The plugin engine consists of two components:

  • NATS - High-performance message broker enabling pub/sub and request/reply messaging patterns
  • NATS Auth Callout - Authentication service that validates NATS connections and enforces authorization policies

NATS Installation

NATS provides the messaging backbone for CodeMie's plugin system, enabling real-time communication between the core application and distributed plugins.

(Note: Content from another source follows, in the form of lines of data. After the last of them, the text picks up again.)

lemma sgn_transform_im_Suc_ge: "2 ^ (k + 2) * 4 ^ k \<le> sgn_transform_im (Suc k) * sqrt (4 * real k + 1)"
proof -
  have "(4 ^ k) ^ 2 = (16::real) ^ k"
    by (simp add: power2_eq_square flip: power_mult_distrib)
  also have "\<dots> \<le> (real (2 * k choose k) * sqrt (4 * real k + 1)) ^ 2"
    using central_binomial_sq_ge[of k] by (simp add: power_mult_distrib)
  finally have "(4 ^ k) ^ 2 \<le> (real (2 * k choose k) * sqrt (4 * real k + 1)) ^ 2" .
  then have "4 ^ k \<le> real (2 * k choose k) * sqrt (4 * real k + 1)"
    by (rule power2_le_imp_le) simp
  then have "2 ^ (k + 2) * 4 ^ k \<le> 2 ^ (k + 2) * real (2 * k choose k) * sqrt (4 * real k + 1)"
    by (simp add: mult.assoc)
  also have "\<dots> \<le> sgn_transform_im (Suc k) * sqrt (4 * real k + 1)"
    using sgn_transform_im_nonneg[of k] by (intro mult_right_mono) auto
  finally show ?thesis .
qed

section \<open>Approximating \<rho> by the absolute value\<close>

lemma rho_minus [simp]: "rho (- t) = rho t"
  unfolding rho_def by (simp add: add.commute)

lemma rho_minus_abs_bounds: "0 \<le> rho t - \<bar>t\<bar>" "rho t - \<bar>t\<bar> \<le> exp (- 2 * \<bar>t\<bar>)"
proof -
  have "exp t + exp (- t) = exp \<bar>t\<bar> * (1 + exp (- 2 * \<bar>t\<bar>))"
    by (cases "t \<ge> 0") (simp_all add: algebra_simps flip: exp_add)
  moreover have "0 < 1 + exp (- 2 * \<bar>t\<bar>)"
    by (simp add: add_pos_pos)
  ultimately have "rho t - \<bar>t\<bar> = ln (1 + exp (- 2 * \<bar>t\<bar>))"
    unfolding rho_def by (simp add: ln_mult)
  then show "0 \<le> rho t - \<bar>t\<bar>" "rho t - \<bar>t\<bar> \<le> exp (- 2 * \<bar>t\<bar>)"
    by (simp_all add: ln_add_one_self_le_self)
qed

lemma rho_diff_approx:
  assumes "0 \<le> w" "w \<le> t1" "w \<le> t2"
  shows "\<bar>rho t1 - rho t2 - (t1 - t2)\<bar> \<le> exp (- 2 * w)"
proof -
  have "0 \<le> rho t - t \<and> rho t - t \<le> exp (- 2 * w)" if "w \<le> t" for t
  proof -
    have "\<bar>t\<bar> = t" using that assms(1) by simp
    moreover have "exp (- 2 * t) \<le> exp (- 2 * w)" using that by simp
    ultimately show ?thesis using rho_minus_abs_bounds[of t] by (metis order_trans)
  qed
  from this[OF assms(2)] this[OF assms(3)] show ?thesis
    unfolding abs_le_iff by linarith
qed
lemma two_sided_step_near:
  assumes pair: "two_sided_pair (Suc s) L1 l1 U1 L2 l2 U2" and s: "1 \<le> s" "s < q"
    and side: "0 < p (hd L1) * p s" and near: "\<bar>p (hd L1)\<bar> \<le> exp lambda_root * \<bar>p s\<bar>"
  shows "two_sided s"
proof -
  define A1 A2 P where "A1 = \<bar>p (hd L1)\<bar>" and "A2 = \<bar>p (hd L2)\<bar>" and "P = \<bar>p s\<bar>"
  have tail1: "tail_bound (Suc s) L1 l1" and tail2: "tail_bound (Suc s) L2 l2"
    and sides: "p (hd L1) * p (hd L2) < 0"
    and scale1: "scale_bounded U1 A1" and scale2: "scale_bounded U2 A2"
    and avg: "(A2 * l1 + A1 * l2) / (A1 + A2) \<le> two_sided_budget U1 A1 U2 A2"
    using pair unfolding two_sided_pair_def A1_def A2_def by auto
  have pos: "0 < P" "0 < A1" "0 < A2"
    using abs_p_pos[of s] s abs_p_hd_pos[OF tail1] abs_p_hd_pos[OF tail2]
    unfolding A1_def A2_def P_def by auto
  have side2: "p (hd L2) * p s < 0" by (rule mult_neg_of_same_sign[OF sides side])
  have skip1: "tail_bound s L1 (l1 + - (A1 / P))"
  proof (rule tail_bound_skip[OF tail1])
    have "\<bar>1 - A1 / P\<bar> \<le> exp (- (A1 / P))"
      using near pos unfolding A1_def P_def
      by (intro abs_one_minus_le_exp_minus) (auto simp: field_simps)
    then have "\<bar>A1 - P\<bar> \<le> exp (- (A1 / P)) * P"
      using pos by (simp add: abs_le_iff field_simps)
    then show "\<bar>p (hd L1) - p s\<bar> \<le> exp (- (A1 / P)) * \<bar>p s\<bar>"
      using abs_diff_same_sign[OF side] unfolding A1_def P_def by simp
  qed (use s in auto)
  moreover have skip2: "tail_bound s L2 (l2 + A2 / P)"
  proof (rule tail_bound_skip[OF tail2])
    have "A2 + P = (1 + A2 / P) * P" using pos by (simp add: field_simps)
    also have "\<dots> \<le> exp (A2 / P) * P" using pos by (intro mult_right_mono exp_ge_add_one_self) auto
    finally show "\<bar>p (hd L2) - p s\<bar> \<le> exp (A2 / P) * \<bar>p s\<bar>"
      using abs_diff_opposite_sign[OF side2] unfolding A2_def P_def by simp
  qed (use s in auto)
  text \<open>With these weights the skip costs \<open>- A1 / P\<close> and \<open>A2 / P\<close> cancel.\<close>
  have avg_eq: "(A2 * (l1 + - (A1 / P)) + A1 * (l2 + A2 / P)) / (A1 + A2)
      = (A2 * l1 + A1 * l2) / (A1 + A2)"
    by (simp add: algebra_simps)
  have "(A2 * (l1 + - (A1 / P)) + A1 * (l2 + A2 / P)) / (A1 + A2)
      \<le> two_sided_budget U1 A1 U2 A2"
    unfolding avg_eq by (rule avg)
  then have "two_sided_pair s L1 (l1 + - (A1 / P)) U1 L2 (l2 + A2 / P) U2"
    using skip1 skip2 sides scale1 scale2 unfolding two_sided_pair_def A1_def A2_def by blast
  then show ?thesis unfolding two_sided_def by blast
qed
(* Let $z\ge1$, $X\subset[\Delta]^d$ finite, and let $C\subseteq X$ be a constant-factor approximation to the optimal $(k,z)$-medoids clustering on $X$. For a point $x\in X$, let $u$ be a center of $C$ closest to $x$ (ties broken arbitrarily). Then for any center $c\in C\setminus\{u\}$, \[\min_{p\in C\cup\{x\}\setminus\{c\}}\|c-p\|_2^z\le\min_{p\in C\setminus\{c\}}\|c-p\|_2^z\le2^{z+1}\min_{p\in C\cup\{x\}\setminus\{c\}}\|c-p\|_2^z.\]
   Context: The $(k,z)$-medoids clustering problem on $X$ asks for a set $C\subseteq X$ with $|C|\le k$ minimizing $\sum_{y\in X}\min_{c\in C}\|y-c\|_2^z$. *)

theory Defs
  imports "HOL-Analysis.Analysis"
begin

definition grid :: "nat \<Rightarrow> (real^'d) set" where
  "grid \<Delta> = {x. \<forall>i. x $ i \<in> real ` {1..\<Delta>}}"

definition medoid_cost :: "real \<Rightarrow> (real^'d) set \<Rightarrow> (real^'d) set \<Rightarrow> real" where
  "medoid_cost z X C = (\<Sum>y\<in>X. Min ((\<lambda>c. norm (y - c) powr z) ` C))"

definition opt_medoid_cost :: "nat \<Rightarrow> real \<Rightarrow> (real^'d) set \<Rightarrow> real" where
  "opt_medoid_cost k z X =
     (INF C\<in>{C. C \<subseteq> X \<and> C \<noteq> {} \<and> card C \<le> k}. medoid_cost z X C)"

definition approx_medoids :: "real \<Rightarrow> nat \<Rightarrow> real \<Rightarrow> (real^'d) set \<Rightarrow> (real^'d) set \<Rightarrow> bool" where
  "approx_medoids \<alpha> k z X C \<longleftrightarrow>
     C \<subseteq> X \<and> C \<noteq> {} \<and> card C \<le> k \<and> medoid_cost z X C \<le> \<alpha> * opt_medoid_cost k z X"

end

theory Submission
  imports Defs
begin

text \<open>
  If u is a center nearest to x, then every other center c satisfies
  |c - u| \<le> |c - x| + |x - u| \<le> 2 |c - x|, so adding x to the candidate
  neighbours of c can shrink the distance from c to its nearest neighbour
  by a factor of at most 2, i.e. the z-th power by at most 2^z.
\<close>

lemma norm_diff_le_twice_if_nearer:
  fixes x u c :: "'a::real_normed_vector"
  assumes "norm (x - u) \<le> norm (x - c)"
  shows "norm (c - u) \<le> 2 * norm (c - x)"
proof -
  have "norm (c - u) \<le> norm (c - x) + norm (x - u)"
    using norm_triangle_ineq[of "c - x" "x - u"] by simp
  also have "\<dots> \<le> 2 * norm (c - x)"
    using assms by (simp add: norm_minus_commute)
  finally show ?thesis .
qed

lemma norm_diff_powr_le_if_nearer:
  fixes x u c :: "'a::real_normed_vector"
  assumes "norm (x - u) \<le> norm (x - c)" and "0 \<le> z"
  shows "norm (c - u) powr z \<le> 2 powr z * norm (c - x) powr z"
proof -
  have "norm (c - u) powr z \<le> (2 * norm (c - x)) powr z"
    using norm_diff_le_twice_if_nearer[OF assms(1)] assms(2) by (intro powr_mono2) auto
  then show ?thesis
    by (simp add: powr_mult)
qed

lemma Min_image_le_mult_Min_image_insert:
  fixes f :: "'a \<Rightarrow> real"
  assumes "finite B" and "A \<subseteq> B" and "B \<subseteq> insert x A"
    and "a \<in> A" and "f a \<le> K * f x"
    and "1 \<le> K" and "\<And>b. b \<in> B \<Longrightarrow> 0 \<le> f b"
  shows "Min (f ` A) \<le> K * Min (f ` B)"
proof -
  have "finite A"
    using assms(1,2) finite_subset by blast
  have "Min (f ` B) \<in> f ` B"
    using assms(1,2,4) by (intro Min_in) auto
  then obtain p where "p \<in> B" and p_min: "Min (f ` B) = f p"
    by auto
  have "Min (f ` A) \<le> K * f p"
  proof (cases "p \<in> A")
    case True
    have "Min (f ` A) \<le> f p"
      using \<open>finite A\<close> True by simp
    also have "\<dots> \<le> K * f p"
      using assms(6) assms(7)[OF \<open>p \<in> B\<close>] by (simp add: mult_le_cancel_right1)
    finally show ?thesis .
  next
    case False
    then have "p = x"
      using \<open>p \<in> B\<close> assms(3) by auto
    have "Min (f ` A) \<le> f a"
      using \<open>finite A\<close> assms(4) by simp
    with assms(5) \<open>p = x\<close> show ?thesis
      by simp
  qed
  with p_min show ?thesis
    by simp
qed

theorem lemma3p7:
  fixes X C :: "(real^'d) set" and x u c :: "real^'d"
    and z \<alpha> :: real and k \<Delta> :: nat
  assumes "z \<ge> 1"
    and "finite X" and "X \<subseteq> grid \<Delta>"
    and "\<alpha> \<ge> 1" and "approx_medoids \<alpha> k z X C"
    and "x \<in> X"
    and "u \<in> C" and "\<forall>c'\<in>C. norm (x - u) \<le> norm (x - c')"
    and "c \<in> C - {u}"
  shows "Min ((\<lambda>p. norm (c - p) powr z) ` ((C \<union> {x}) - {c}))
           \<le> Min ((\<lambda>p. norm (c - p) powr z) ` (C - {c}))
         \<and> Min ((\<lambda>p. norm (c - p) powr z) ` (C - {c}))
           \<le> 2 powr (z + 1) * Min ((\<lambda>p. norm (c - p) powr z) ` ((C \<union> {x}) - {c}))"
proof -
  define f where "f = (\<lambda>p. norm (c - p) powr z)"
  have "finite C"
    using assms(2,5) finite_subset unfolding approx_medoids_def by blast
  have "u \<in> C - {c}"
    using assms(7,9) by auto
  have "Min (f ` ((C \<union> {x}) - {c})) \<le> Min (f ` (C - {c}))"
    using \<open>finite C\<close> \<open>u \<in> C - {c}\<close> by (intro Min_antimono) auto
  moreover have "f u \<le> 2 powr (z + 1) * f x"
  proof -
    have "f u \<le> 2 powr z * f x"
      unfolding f_def using assms(1,8,9) by (intro norm_diff_powr_le_if_nearer) auto
    also have "\<dots> \<le> 2 powr (z + 1) * f x"
      unfolding f_def by (intro mult_right_mono) auto
    finally show ?thesis .
  qed
  then have "Min (f ` (C - {c})) \<le> 2 powr (z + 1) * Min (f ` ((C \<union> {x}) - {c}))"
    using \<open>finite C\<close> \<open>u \<in> C - {c}\<close> assms(1)
    by (intro Min_image_le_mult_Min_image_insert[where x = x]) (auto simp: f_def ge_one_powr_ge_zero)
  ultimately show ?thesis
    unfolding f_def by blast
qed

end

Step 1: Create NATS Secrets

Create the codemie-nats-secrets secret containing authentication credentials and encryption keys. Follow these steps to generate and encode the necessary values:

1. NATS_URL

Internal service URL for NATS communication:

NATS_URL="nats://codemie-nats:4222"

2. Callout User Credentials

Credentials for the NATS Auth Callout service:

# Username
CALLOUT_USERNAME="callout"

# Generate secure password
CALLOUT_PASSWORD=$(pwgen -s -1 25)

# Generate bcrypt hash (requires nats CLI installed)
CALLOUT_BCRYPTED_PASSWORD=$(nats server passwd -p "$CALLOUT_PASSWORD")

3. CodeMie User Credentials

Credentials for CodeMie application to connect to NATS:

# Username
CODEMIE_USERNAME="codemie"

# Generate secure password
CODEMIE_PASSWORD=$(pwgen -s -1 25)

# Generate bcrypt hash (requires nats CLI installed)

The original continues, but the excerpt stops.